The critical pattern here is the Circuit Breaker, implemented via Netflix's Hystrix library. Each remote call is wrapped in a HystrixCommand. If the call fails or times out (e.g., 90% of calls fail within 10 seconds), the circuit breaker opens. Subsequent calls fail immediately without hitting the backend. After a configurable sleep window (e.g., 30 seconds), a single probe is allowed through. If it succeeds, the circuit closes. This prevents cascading failures when one service degrades.
Chaos Monkey is an extension of this philosophy: it randomly terminates instances in production during business hours, forcing engineers to build systems that survive individual failures.

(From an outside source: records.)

definition I_set :: "nat \<Rightarrow> (nat \<Rightarrow> nat \<Rightarrow> nat) \<Rightarrow> nat \<Rightarrow> (nat \<Rightarrow> nat) set" where
  "I_set n L k = {\<alpha>. \<alpha> permutes {1..n} \<and>
     (\<forall>i\<in>{1..n}. cycle_structure n (row_perm n L (\<alpha> i))
                 = cycle_structure n (inv (row_perm n L k) \<circ> row_perm n L i))}"

definition Theta :: "nat \<Rightarrow> (nat \<Rightarrow> nat \<Rightarrow> nat) \<Rightarrow> (nat \<Rightarrow> nat) \<Rightarrow> nat
                     \<Rightarrow> (nat \<Rightarrow> nat) \<times> (nat \<Rightarrow> nat) \<times> (nat \<Rightarrow> nat)" where
  "Theta n L \<alpha> j = (\<alpha>, \<alpha> \<circ> col_perm n L j \<circ> inv (row_perm n L (inv \<alpha> 1)), \<alpha> \<circ> col_perm n L j)"

end

theory Submission
  imports Defs
begin

(* An autotopy (\<alpha>, \<beta>, \<gamma>) satisfies \<gamma> (L r c) = L (\<alpha> r) (\<beta> c). Read along the column
   j = inv \<beta> 1, which \<beta> sends to the identity first column, this gives \<gamma> = \<alpha> \<circ> \<pi> j; read
   along the row r0 = inv \<alpha> 1, sent to the identity first row, it gives \<beta> = \<gamma> \<circ> inv (\<sigma> r0).
   So every autotopy is some Theta \<alpha> j. Read along an arbitrary row i, the identity becomes
   \<sigma> (\<alpha> i) = \<gamma> \<circ> (inv (\<sigma> r0) \<circ> \<sigma> i) \<circ> inv \<gamma>; conjugate permutations have the same
   cycle structure, so \<alpha> \<in> I r0. Conversely every Theta \<alpha> j is an isotopism, so those fixing L
   are autotopies. (Here \<sigma> = row_perm n L and \<pi> = col_perm n L.) *)

lemma permutes_eqI:
  assumes "p permutes S" "q permutes S" "\<And>x. x \<in> S \<Longrightarrow> p x = q x"
  shows "p = q"
  using assms by (metis permutes_not_in ext)

lemma permutes_mem: "p permutes S \<Longrightarrow> x \<in> S \<Longrightarrow> p x \<in> S"
  by (simp only: permutes_in_image)

lemma THE_inverse_eq_inv_into:
  assumes "bij_betw f S S" "s \<in> S"
  shows "(THE x. x \<in> S \<and> f x = s) = inv_into S f s"
  using assms by (intro the_equality)
    (auto simp: bij_betw_def bij_betw_inv_into_right inv_into_into inv_into_f_eq)

lemma THE_inverse_permutes:
  assumes "bij_betw f S S"
  shows "(\<lambda>s. if s \<in> S then THE x. x \<in> S \<and> f x = s else s) permutes S"
proof (rule bij_imp_permutes)
  show "bij_betw (\<lambda>s. if s \<in> S then THE x. x \<in> S \<and> f x = s else s) S S"
    using bij_betw_inv_into[OF assms]
    by (rule bij_betw_cong[THEN iffD1, rotated]) (simp add: THE_inverse_eq_inv_into[OF assms])
qed simp
lemma cp_on_kraus:
  fixes K :: "'r::finite \<Rightarrow> complex^'i::finite^'i"
  shows "cp_on A (\<lambda>X. \<Sum>\<rho>\<in>UNIV. madj (K \<rho>) ** X ** K \<rho>)"
  unfolding cp_on_def block_pos_def
proof (intro allI impI)
  fix r a and v :: "nat \<Rightarrow> complex^'i"
  assume pos: "\<forall>v :: nat \<Rightarrow> complex^'i. Im (\<Sum>i<r. \<Sum>j<r. cinner (v i) (a i j *v v j)) = 0
      \<and> 0 \<le> Re (\<Sum>i<r. \<Sum>j<r. cinner (v i) (a i j *v v j))"
  have kraus_terms: "cinner (v i) ((\<Sum>\<rho>\<in>UNIV. madj (K \<rho>) ** a i j ** K \<rho>) *v v j)
      = (\<Sum>\<rho>\<in>UNIV. cinner (K \<rho> *v v i) (a i j *v (K \<rho> *v v j)))" for i j
    by (simp add: matrix_sum_vector_mult cinner_sum_right cinner_madj_right
        flip: matrix_vector_mul_assoc)
  have "(\<Sum>i<r. \<Sum>j<r. cinner (v i) ((\<Sum>\<rho>\<in>UNIV. madj (K \<rho>) ** a i j ** K \<rho>) *v v j))
      = (\<Sum>\<rho>\<in>UNIV. \<Sum>i<r. \<Sum>j<r. cinner (K \<rho> *v v i) (a i j *v (K \<rho> *v v j)))"
    unfolding kraus_terms by (rule sum_rotate3[symmetric])
  then show "Im (\<Sum>i<r. \<Sum>j<r. cinner (v i) ((\<Sum>\<rho>\<in>UNIV. madj (K \<rho>) ** a i j ** K \<rho>) *v v j)) = 0
      \<and> 0 \<le> Re (\<Sum>i<r. \<Sum>j<r. cinner (v i) ((\<Sum>\<rho>\<in>UNIV. madj (K \<rho>) ** a i j ** K \<rho>) *v v j))"
    using pos by (simp add: Im_sum Re_sum sum_nonneg)
qed
text \<open>The witness is the binomial \<open>t\<^sup>a\<^sup>-\<^sup>c - t\<^sup>c\<^sup>-\<^sup>a\<close>; here \<open>a - (a - c)\<close> is the pointwise minimum of \<open>a\<close> and \<open>c\<close>.\<close>
lemma primitive_pair_fibre_bounded:
  assumes prim: "primitive_pair E a b TYPE('k::field)"
    and deg: "toric_deg E c = toric_deg E a"
    and bounded: "\<And>e. Poly_Mapping.lookup c e \<le> Poly_Mapping.lookup a e + Poly_Mapping.lookup b e"
  shows "c = a \<or> c = b"
proof (rule ccontr)
  assume c: "\<not> (c = a \<or> c = b)"
  have a: "a = (a - c) + (a - (a - c))" and c_eq: "c = (c - a) + (a - (a - c))"
    by (auto intro!: poly_mapping_eqI simp: lookup_add lookup_minus)
  have b: "b = (c - a) + (b - (c - a))"
  proof (rule poly_mapping_eqI)
    fix e
    show "Poly_Mapping.lookup b e = Poly_Mapping.lookup ((c - a) + (b - (c - a))) e"
      using bounded[of e] by (simp add: lookup_add lookup_minus)
  qed
  have "toric_deg E (a - c) = toric_deg E (c - a)"
    using deg arg_cong[OF a, of "toric_deg E"] arg_cong[OF c_eq, of "toric_deg E"]
    by (simp add: toric_deg_add)
  moreover have "a - c \<noteq> c - a"
    using a c_eq c by metis
  ultimately have "a - c = a" and "c - a = b"
    using primitive_pairD(3)[OF prim] a b by blast+
  then have "c = b"
    using a c_eq by (metis add_cancel_left_right add_left_cancel)
  then show False
    using c by simp
qed

lemma primitive_pair_fibre:
  fixes E :: "'e::finite \<Rightarrow> 'v::finite set"
  assumes two: "\<And>e. \<exists>v\<in>E e. card {e. v \<in> E e} = 2"
    and prim: "primitive_pair E a b TYPE('k::field)"
    and deg: "toric_deg E c = toric_deg E a"
  shows "c = a \<or> c = b"
proof (rule primitive_pair_fibre_bounded[OF prim deg])
  fix e
  obtain v where v: "v \<in> E e" "card {e. v \<in> E e} = 2"
    using two by blast
  then obtain e\<^sub>1 e\<^sub>2 where "{x. v \<in> E x} = {e\<^sub>1, e\<^sub>2}" "e\<^sub>1 \<noteq> e\<^sub>2"
    by (auto simp: card_2_iff)
  moreover have "e \<in> {x. v \<in> E x}"
    using v by simp
  ultimately obtain e' where e': "{x. v \<in> E x} = {e, e'}" "e \<noteq> e'"
    by auto
  have at_v: "Poly_Mapping.lookup (toric_deg E x) v = Poly_Mapping.lookup x e + Poly_Mapping.lookup x e'" for x
    unfolding lookup_toric_deg e'(1) using e'(2) by simp
  have "Poly_Mapping.lookup c e + Poly_Mapping.lookup c e' = Poly_Mapping.lookup a e + Poly_Mapping.lookup a e'"
    and "Poly_Mapping.lookup a e + Poly_Mapping.lookup a e' = Poly_Mapping.lookup b e + Poly_Mapping.lookup b e'"
    using at_v[of a] at_v[of b] at_v[of c] deg primitive_pairD(2)[OF prim] by simp_all
  then show "Poly_Mapping.lookup c e \<le> Poly_Mapping.lookup a e + Poly_Mapping.lookup b e"
    using primitive_pair_disjoint_support[OF prim, of e] primitive_pair_disjoint_support[OF prim, of e']
    by linarith
qed

lemma fibre_pair_factor:
  assumes fibre: "\<And>c. toric_deg E c = toric_deg E a \<Longrightarrow> c = a \<or> c = b"
    and disjoint: "\<And>e. Poly_Mapping.lookup a e = 0 \<or> Poly_Mapping.lookup b e = 0"
    and "a' \<noteq> b'" "toric_deg E a' = toric_deg E b'" "a = y + a'"
  shows "a' = a \<and> b' = b"
proof -
  have "toric_deg E (y + b') = toric_deg E a"
    using assms(4,5) by (simp add: toric_deg_add)
  then have b: "b = y + b'"
    using fibre assms(3,5) by (metis add_left_cancel)
  have "y = 0"
  proof (rule poly_mapping_eqI)
    fix e
    show "Poly_Mapping.lookup y e = Poly_Mapping.lookup 0 e"
      using disjoint[of e] arg_cong[OF assms(5), of "\<lambda>x. Poly_Mapping.lookup x e"]
        arg_cong[OF b, of "\<lambda>x. Poly_Mapping.lookup x e"]
      by (auto simp: lookup_add)
  qed
  then show ?thesis
    using b assms(5) by simp
qed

Over time, this has made the platform remarkably resilient — Netflix can lose an entire AWS Availability Zone and still serve users seamlessly.
Data Storage and Caching
Netflix uses multiple database engines, each chosen for a specific workload:
- Cassandra: Used for all user metadata — profiles, viewing history, ratings. Netflix runs one of the largest Cassandra clusters in the world (~2000 nodes). The data model is heavily denormalized for fast reads. Each row is keyed by user ID, with columns for watch history, recommendations metadata, etc.
- EVCache: A Memcached-based distributed cache layer. Used for session data, short-lived recommendations, and any data that needs sub-millisecond latency. EVCache is built on top of Amazon EC2 instances with SSDs, and data is replicated across two AZs for durability.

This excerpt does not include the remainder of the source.